Fig. 2: ASD-specific microbial associations with dietary profiling.
Fig. 2: ASD-specific microbial associations with dietary profiling.
Full size image

A Heatmap displays the top 50 diet-associated microbial species in children with ASD (in circle shape) that lost significant associations in non-ASD peers (in rectangular shape). Significant associations (MaAsLin2, qval < 0.1, adjusted for age, sex, and gastrointestinal conditions) are color-coded by dietary category: green (dietary indices), orange (nutritional components), and blue (food groups). Coefficients details and prevalence for each species were provided in Supplementary Data 1, detailed in the Description of Additional Supplementary Files. The significant associations (qval < 0.05) are annotated with + or - according to the directions of associations. B Microbial predictors of dietary profiling. Sector diagrams quantify the prominence of significant diet-microbe associations (top: ASD; bottom: non-ASD). Machine learning models demonstrate the predictive power of microbiome features by generating correlation results (left axis) and AUC values (right axis), respectively. Box plots display the agreement between actual dietary values and microbiome-based predictions from 10-fold cross-validated regression models in ASD, with error bars representing the 95% confidence interval (CI). Predictive performance is further quantified by median AUC values from binary classification (solid circles: ASD; hollow circles: non-ASD). CCDI, the Chinese Children's Healthy Dietary Index; AHEI, Alternative Healthy Eating Index; DII, Dietary Inflammatory Index; HFD, healthy food diversity index; SFA, saturated fatty acids; MUFA, monounsaturated fatty acids; PUFA, polyunsaturated fatty acids; TFA, trans-fatty acids.

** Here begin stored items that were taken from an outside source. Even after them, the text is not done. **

lemma quot_module_simps [simp]:
  "carrier (quot_module R E N) = a_rcosets\<^bsub>E\<^esub> N"
  "X \<oplus>\<^bsub>quot_module R E N\<^esub> Y = X <+>\<^bsub>E\<^esub> Y"
  "\<zero>\<^bsub>quot_module R E N\<^esub> = N"
  "A \<odot>\<^bsub>quot_module R E N\<^esub> X = quot_smult E N A X"
  by (simp_all add: quot_module_def)

lemma abelian_group_quot_module:
  fixes E :: "('a, 'b, 'n) module_scheme"
  assumes "abelian_subgroup N E"
  shows "abelian_group (quot_module R E N)"
proof -
  interpret abelian_subgroup N E by fact
  show ?thesis
  proof (rule abelian_groupI, simp_all only: quot_module_simps)
    fix X Y assume "X \<in> a_rcosets\<^bsub>E\<^esub> N" "Y \<in> a_rcosets\<^bsub>E\<^esub> N"
    then show "X <+>\<^bsub>E\<^esub> Y \<in> a_rcosets\<^bsub>E\<^esub> N"
      by (rule a_setmult_closed)
    obtain x y where "x \<in> carrier E" "y \<in> carrier E" "X = N +>\<^bsub>E\<^esub> x" "Y = N +>\<^bsub>E\<^esub> y"
      using \<open>X \<in> _\<close> \<open>Y \<in> _\<close> by (metis a_rcosetsE)
    then show "X <+>\<^bsub>E\<^esub> Y = Y <+>\<^bsub>E\<^esub> X"
      by (simp add: a_rcos_sum a_comm)
  next
    show "N \<in> a_rcosets\<^bsub>E\<^esub> N"
      by (rule a_subgroup_in_rcosets)
  next
    fix X Y Z assume "X \<in> a_rcosets\<^bsub>E\<^esub> N" "Y \<in> a_rcosets\<^bsub>E\<^esub> N" "Z \<in> a_rcosets\<^bsub>E\<^esub> N"
    then show "X <+>\<^bsub>E\<^esub> Y <+>\<^bsub>E\<^esub> Z = X <+>\<^bsub>E\<^esub> (Y <+>\<^bsub>E\<^esub> Z)"
      by (rule a_rcosets_assoc)
  next
    fix X assume "X \<in> a_rcosets\<^bsub>E\<^esub> N"
    then show "N <+>\<^bsub>E\<^esub> X = X"
      by (rule rcosets_add_eq)
    show "\<exists>Y\<in>a_rcosets\<^bsub>E\<^esub> N. Y <+>\<^bsub>E\<^esub> X = N"
      using \<open>X \<in> _\<close> a_setinv_closed a_rcosets_inv_mult_group_eq by blast
  qed
qed

locale module_quotient = module R E + I: ideal I R
  for R :: "('a, 'm) ring_scheme" (structure) and E :: "('a, 'b, 'n) module_scheme" and I N +
  assumes submodule: "submodule N R E"
    and ideal_smult_closed: "\<lbrakk>i \<in> I; x \<in> carrier E\<rbrakk> \<Longrightarrow> i \<odot>\<^bsub>E\<^esub> x \<in> N"

sublocale module_quotient \<subseteq> N: abelian_subgroup N E
proof (rule abelian_subgroupI3)
  show "additive_subgroup N E"
    using submodule.axioms(1)[OF submodule] by (rule additive_subgroup.intro)
  show "abelian_group E"
    by unfold_locales
qed

context module_quotient
begin

lemma quot_smult_rcos:
  assumes a: "a \<in> carrier R" and x: "x \<in> carrier E"
  shows "quot_smult E N (I +> a) (N +>\<^bsub>E\<^esub> x) = N +>\<^bsub>E\<^esub> (a \<odot>\<^bsub>E\<^esub> x)"
proof -
  have "b \<odot>\<^bsub>E\<^esub> y \<in> N +>\<^bsub>E\<^esub> (a \<odot>\<^bsub>E\<^esub> x)"
    if b: "b \<in> I +> a" and y: "y \<in> N +>\<^bsub>E\<^esub> x" for b y
  proof -
    obtain i where i: "i \<in> I" "b = i \<oplus> a"
      using b unfolding a_r_coset_def' by blast
    obtain n where n: "n \<in> N" "y = n \<oplus>\<^bsub>E\<^esub> x"
      using y unfolding a_r_coset_def' by blast
    have c: "i \<in> carrier R" "n \<in> carrier E"
      using i n I.a_subset N.a_subset by auto
    have "b \<odot>\<^bsub>E\<^esub> y = (i \<odot>\<^bsub>E\<^esub> y \<oplus>\<^bsub>E\<^esub> a \<odot>\<^bsub>E\<^esub> n) \<oplus>\<^bsub>E\<^esub> a \<odot>\<^bsub>E\<^esub> x"
      using i n c a x by (simp add: smult_l_distr smult_r_distr a_ac)
    moreover have "i \<odot>\<^bsub>E\<^esub> y \<oplus>\<^bsub>E\<^esub> a \<odot>\<^bsub>E\<^esub> n \<in> N"
      using ideal_smult_closed submodule.smult_closed[OF submodule] i n c a x by simp
    ultimately show ?thesis
      by (auto simp: a_r_coset_def')
  qed
  moreover have "a \<odot>\<^bsub>E\<^esub> x \<in> (\<Union>b\<in>I +> a. \<Union>y\<in>N +>\<^bsub>E\<^esub> x. {b \<odot>\<^bsub>E\<^esub> y})"
    using I.a_rcos_self[OF a] N.a_rcos_self[OF x] by blast
  ultimately show ?thesis
    unfolding quot_smult_def using a x by (intro N.set_add_eq_a_rcos) auto
qed
text \<open>Permutations of {1..m} are functions nat => nat with p permutes {1..m}.
  Composition is right to left: (f o g) x = f (g x).\<close>

text \<open>Product of a list of transpositions (leftmost factor applied last).\<close>
definition trans_prod :: "(nat \<times> nat) list \<Rightarrow> nat \<Rightarrow> nat" where
  "trans_prod ts = foldr (\<lambda>(a, b) f. transpose a b \<circ> f) ts id"

definition d_trans :: "nat \<Rightarrow> (nat \<Rightarrow> nat) \<Rightarrow> (nat \<Rightarrow> nat) \<Rightarrow> nat" where
  "d_trans m p1 p2 = (LEAST n. \<exists>ts. length ts = n \<and>
      (\<forall>(a, b) \<in> set ts. a \<noteq> b \<and> a \<in> {1..m} \<and> b \<in> {1..m}) \<and>
      trans_prod ts = inv p2 \<circ> p1)"

text \<open>Arcs of the multigraph G_p1 + G_p2^-1: (colour, tail, head);
  colour True = red (arcs of G_p1), False = blue (reversed arcs of G_p2).\<close>
type_synonym arc = "bool \<times> nat \<times> nat"

definition red_arcs :: "nat \<Rightarrow> (nat \<Rightarrow> nat) \<Rightarrow> arc set" where
  "red_arcs m p = {(True, i, p i) | i. i \<in> {1..m} \<and> p i \<noteq> i}"

definition blue_arcs :: "nat \<Rightarrow> (nat \<Rightarrow> nat) \<Rightarrow> arc set" where
  "blue_arcs m p = {(False, p i, i) | i. i \<in> {1..m} \<and> p i \<noteq> i}"

definition arcs :: "nat \<Rightarrow> (nat \<Rightarrow> nat) \<Rightarrow> (nat \<Rightarrow> nat) \<Rightarrow> arc set" where
  "arcs m p1 p2 = red_arcs m p1 \<union> blue_arcs m p2"

definition arc_col :: "arc \<Rightarrow> bool" where "arc_col e = fst e"
definition arc_tail :: "arc \<Rightarrow> nat" where "arc_tail e = fst (snd e)"
definition arc_head :: "arc \<Rightarrow> nat" where "arc_head e = snd (snd e)"

definition N_nodes :: "nat \<Rightarrow> (nat \<Rightarrow> nat) \<Rightarrow> (nat \<Rightarrow> nat) \<Rightarrow> nat" where
  "N_nodes m p1 p2 = card {i \<in> {1..m}. \<exists>e \<in> arcs m p1 p2. arc_tail e = i \<or> arc_head e = i}"

text \<open>A closed alternating trail, as a list of arcs (not up to rotation): nonempty,
  no arc repeated, consecutive arcs (cyclically) join head-to-tail and have different colours.\<close>
definition alt_closed_trail :: "nat \<Rightarrow> (nat \<Rightarrow> nat) \<Rightarrow> (nat \<Rightarrow> nat) \<Rightarrow> arc list \<Rightarrow> bool" where
  "alt_closed_trail m p1 p2 c \<longleftrightarrow> c \<noteq> [] \<and> distinct c \<and> set c \<subseteq> arcs m p1 p2 \<and>
     (\<forall>k < length c. arc_head (c ! k) = arc_tail (c ! ((k + 1) mod length c)) \<and>
                     arc_col (c ! k) \<noteq> arc_col (c ! ((k + 1) mod length c)))"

The breadth of diet-microbe associations varied by dietary variable, showing stronger connections in ASD compared to their non-ASD peers, who exhibited negligible linkages. The dietary factors exhibiting the greatest magnitude of associations with microbial species—across nutritional components, dietary indices, and food groups—were protein intake (28 significant associations in total), CCDI scores (27 in total), and bean consumption (18 in total) (Fig. 2B, Supplementary Fig. 5B). By looking into specific nutrients in relation to microbial shifts, starch and magnesium emerged as the nutrients with the second-highest number of significant associations after protein intake, exhibiting 27 and 20 significant associations, respectively (Fig. 2B). Consistent results were observed at the compositional level in diet-microbiome associations measured using two complementary machine-learning approaches, each trained on relative microbial abundances to predict each dietary variable quantified by correlation coefficients (ρ) for regression and area-under-the-curves (AUCs) for classification (“Methods”). The random forest regression models demonstrated diet-associated species outperformed functional pathway-based predictions across 100 training/testing folds, where strong concordance was observed between predicted and actual values for protein intake (ρ > 0.35) and CCDI scores (Fig. 2B, Supplementary Fig. 5C). The random forest-based binary classification further achieved higher AUC performance in children with ASD compared to non-ASD (Fig. 2B). Notably, emulsifiers—particularly polysorbate-80 and carrageenan—demonstrated stronger associations with microbial features in the ASD group (Fig. 2B, Supplementary Fig. 6). Overall, we demonstrated that children with ASD exhibit distinct and stronger diet-gut microbiome associations compared to neurotypical peers.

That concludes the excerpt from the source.